Dataset entries
(* Let $\mathbf{p}$ be a finite list of distinct predicate constants, and for each $p\in\mathbf{p}$ let $u_p$, $\widehat u_p$ be predicate variables of the arity of $p$, with lists $\mathbf{u}$, $\widehat{\mathbf{u}}$. Then $\big(\neg(\mathbf{u}=\mathbf{p})\big)_{\Sigma 2}$ is logically equivalent to $(\mathbf{u},\widehat{\mathbf{u}})<(\mathbf{p},\neg\mathbf{p})$.
   Context: $\neg\mathbf{p}$ is the list of predicate expressions $\lambda\mathbf{x}\neg p(\mathbf{x})$, $p\in\mathbf{p}$. For predicates/predicate expressions of equal arity, $p\le q$ is $\forall\mathbf{x}(p(\mathbf{x})\to q(\mathbf{x}))$; for tuples $\le$ is componentwise conjunction and $\mathbf{a}<\mathbf{b}$ is $(\mathbf{a}\le\mathbf{b})\land\neg(\mathbf{b}\le\mathbf{a})$; $u_p$ is matched with $p$ and $\widehat u_p$ with $\lambda\mathbf{x}\neg p(\mathbf{x})$. $\mathbf{u}=\mathbf{p}$ is $\bigwedge_{p\in\mathbf{p}}\forall\mathbf{x}(u_p(\mathbf{x})\leftrightarrow p(\mathbf{x}))$. For a formula $F$, $F_{\Sigma 2}$ is the result of substituting in $F$, for each $p\in\mathbf{p}$, the predicate expression $\lambda\mathbf{x}\Big(\big(((\mathbf{u},\widehat{\mathbf{u}})\le(\mathbf{p},\neg\mathbf{p}))\land\neg u_p(\mathbf{x})\land\neg\widehat u_p(\mathbf{x})\big)\leftrightarrow\neg p(\mathbf{x})\Big)$ for $u_p$ (simultaneously for all $p$; the variables $u_p,\widehat u_p$ occurring inside these expressions are not further substituted). *)

theory Defs
  imports Main
begin

(* An interpretation of
   a list of predicates indexed by ps is a function 'i => 'a list => bool;
   only argument tuples of length ar q matter. *)

type_synonym ('i,'a) interp = "'i \<Rightarrow> 'a list \<Rightarrow> bool"

definition pred_le :: "nat \<Rightarrow> ('a list \<Rightarrow> bool) \<Rightarrow> ('a list \<Rightarrow> bool) \<Rightarrow> bool" where
  "pred_le n f g \<longleftrightarrow> (\<forall>xs. length xs = n \<longrightarrow> f xs \<longrightarrow> g xs)"

definition neg_interp :: "('i,'a) interp \<Rightarrow> ('i,'a) interp" where
  "neg_interp p = (\<lambda>q xs. \<not> p q xs)"

definition pair_le :: "'i list \<Rightarrow> ('i \<Rightarrow> nat) \<Rightarrow> ('i,'a) interp \<Rightarrow> ('i,'a) interp
    \<Rightarrow> ('i,'a) interp \<Rightarrow> ('i,'a) interp \<Rightarrow> bool" where
  "pair_le ps ar a b c d \<longleftrightarrow>
     (\<forall>q\<in>set ps. pred_le (ar q) (a q) (c q)) \<and> (\<forall>q\<in>set ps. pred_le (ar q) (b q) (d q))"

definition pair_less :: "'i list \<Rightarrow> ('i \<Rightarrow> nat) \<Rightarrow> ('i,'a) interp \<Rightarrow> ('i,'a) interp
    \<Rightarrow> ('i,'a) interp \<Rightarrow> ('i,'a) interp \<Rightarrow> bool" where
  "pair_less ps ar a b c d \<longleftrightarrow> pair_le ps ar a b c d \<and> \<not> pair_le ps ar c d a b"

definition interp_eq :: "'i list \<Rightarrow> ('i \<Rightarrow> nat) \<Rightarrow> ('i,'a) interp \<Rightarrow> ('i,'a) interp \<Rightarrow> bool" where
  "interp_eq ps ar u p \<longleftrightarrow> (\<forall>q\<in>set ps. \<forall>xs. length xs = ar q \<longrightarrow> (u q xs \<longleftrightarrow> p q xs))"

(* The predicate expression substituted for u_q in the \<Sigma>2 transformation:
   \<lambda>x (((u,uh) <= (p, \<not>p)) \<and> \<not>u_q x \<and> \<not>uh_q x) <-> \<not> q x *)
definition sigma2_expr :: "'i list \<Rightarrow> ('i \<Rightarrow> nat) \<Rightarrow> ('i,'a) interp \<Rightarrow> ('i,'a) interp
    \<Rightarrow> ('i,'a) interp \<Rightarrow> ('i,'a) interp" where
  "sigma2_expr ps ar u uh p =
     (\<lambda>q xs. ((pair_le ps ar u uh p (neg_interp p) \<and> \<not> u q xs \<and> \<not> uh q xs) \<longleftrightarrow> \<not> p q xs))"

(* A formula F (in the variables u, uh and the constants p) is represented by
   its truth value as a function of the interpretations of u, uh, p.
   F_\<Sigma>2 is F with u_q replaced (simultaneously) by sigma2_expr; the u, uh
   inside the expression are not further substituted. *)
definition Sigma2 :: "'i list \<Rightarrow> ('i \<Rightarrow> nat)
    \<Rightarrow> (('i,'a) interp \<Rightarrow> ('i,'a) interp \<Rightarrow> ('i,'a) interp \<Rightarrow> bool)
    \<Rightarrow> ('i,'a) interp \<Rightarrow> ('i,'a) interp \<Rightarrow> ('i,'a) interp \<Rightarrow> bool" where
  "Sigma2 ps ar F u uh p = F (sigma2_expr ps ar u uh p) uh p"

end

theory Submission
  imports Defs
begin

text \<open>If \<open>(u, uh) \<le> (p, \<not>p)\<close> fails, the substituted expression collapses to \<open>p\<close> itself, so
  \<open>u = p\<close> becomes true after substitution. If it holds, the expression reads
  \<open>u\<^sub>q x \<or> uh\<^sub>q x \<longleftrightarrow> p\<^sub>q x\<close>; given \<open>u \<le> p\<close> and \<open>uh \<le> \<not>p\<close>, it agrees with \<open>p\<close> everywhere exactly
  when \<open>(p, \<not>p) \<le> (u, uh)\<close>.\<close>

lemma sigma2_expr_if_not_le:
  assumes "\<not> pair_le ps ar u uh p (neg_interp p)"
  shows "sigma2_expr ps ar u uh p = p"
  using assms unfolding sigma2_expr_def by auto

lemma sigma2_expr_if_le:
  assumes "pair_le ps ar u uh p (neg_interp p)"
  shows "sigma2_expr ps ar u uh p = (\<lambda>q xs. u q xs \<or> uh q xs \<longleftrightarrow> p q xs)"
  using assms unfolding sigma2_expr_def by auto

lemma interp_eq_join_iff_le:
  assumes "pair_le ps ar u uh p (neg_interp p)"
  shows "interp_eq ps ar (\<lambda>q xs. u q xs \<or> uh q xs \<longleftrightarrow> p q xs) p
           \<longleftrightarrow> pair_le ps ar p (neg_interp p) u uh"
  using assms unfolding interp_eq_def pair_le_def pred_le_def neg_interp_def by blast

theorem lemma6:
  fixes ps :: "'i list" and ar :: "'i \<Rightarrow> nat"
    and u uh p :: "('i, 'a) interp"
  assumes "distinct ps"
  shows "Sigma2 ps ar (\<lambda>u uh p. \<not> interp_eq ps ar u p) u uh p
           \<longleftrightarrow> pair_less ps ar u uh p (neg_interp p)"
proof (cases "pair_le ps ar u uh p (neg_interp p)")
  case True
  then show ?thesis
    by (simp add: Sigma2_def pair_less_def sigma2_expr_if_le interp_eq_join_iff_le)
next
  case False
  then show ?thesis
    by (simp add: Sigma2_def pair_less_def sigma2_expr_if_not_le interp_eq_def)
qed

end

» WHAT YOU HAVE TO DO
For each line in the records that contains the word "forall", make a copy.

» RESULT
   Context: $\neg\mathbf{p}$ is the list of predicate expressions $\lambda\mathbf{x}\neg p(\mathbf{x})$, $p\in\mathbf{p}$. For predicates/predicate expressions of equal arity, $p\le q$ is $\forall\mathbf{x}(p(\mathbf{x})\to q(\mathbf{x}))$; for tuples $\le$ is componentwise conjunction and $\mathbf{a}<\mathbf{b}$ is $(\mathbf{a}\le\mathbf{b})\land\neg(\mathbf{b}\le\mathbf{a})$; $u_p$ is matched with $p$ and $\widehat u_p$ with $\lambda\mathbf{x}\neg p(\mathbf{x})$. $\mathbf{u}=\mathbf{p}$ is $\bigwedge_{p\in\mathbf{p}}\forall\mathbf{x}(u_p(\mathbf{x})\leftrightarrow p(\mathbf{x}))$. For a formula $F$, $F_{\Sigma 2}$ is the result of substituting in $F$, for each $p\in\mathbf{p}$, the predicate expression $\lambda\mathbf{x}\Big(\big(((\mathbf{u},\widehat{\mathbf{u}})\le(\mathbf{p},\neg\mathbf{p}))\land\neg u_p(\mathbf{x})\land\neg\widehat u_p(\mathbf{x})\big)\leftrightarrow\neg p(\mathbf{x})\Big)$ for $u_p$ (simultaneously for all $p$; the variables $u_p,\widehat u_p$ occurring inside these expressions are not further substituted). *)
  "pred_le n f g \<longleftrightarrow> (\<forall>xs. length xs = n \<longrightarrow> f xs \<longrightarrow> g xs)"
     (\<forall>q\<in>set ps. pred_le (ar q) (a q) (c q)) \<and> (\<forall>q\<in>set ps. pred_le (ar q) (b q) (d q))"
  "interp_eq ps ar u p \<longleftrightarrow> (\<forall>q\<in>set ps. \<forall>xs. length xs = ar q \<longrightarrow> (u q xs \<longleftrightarrow> p q xs))"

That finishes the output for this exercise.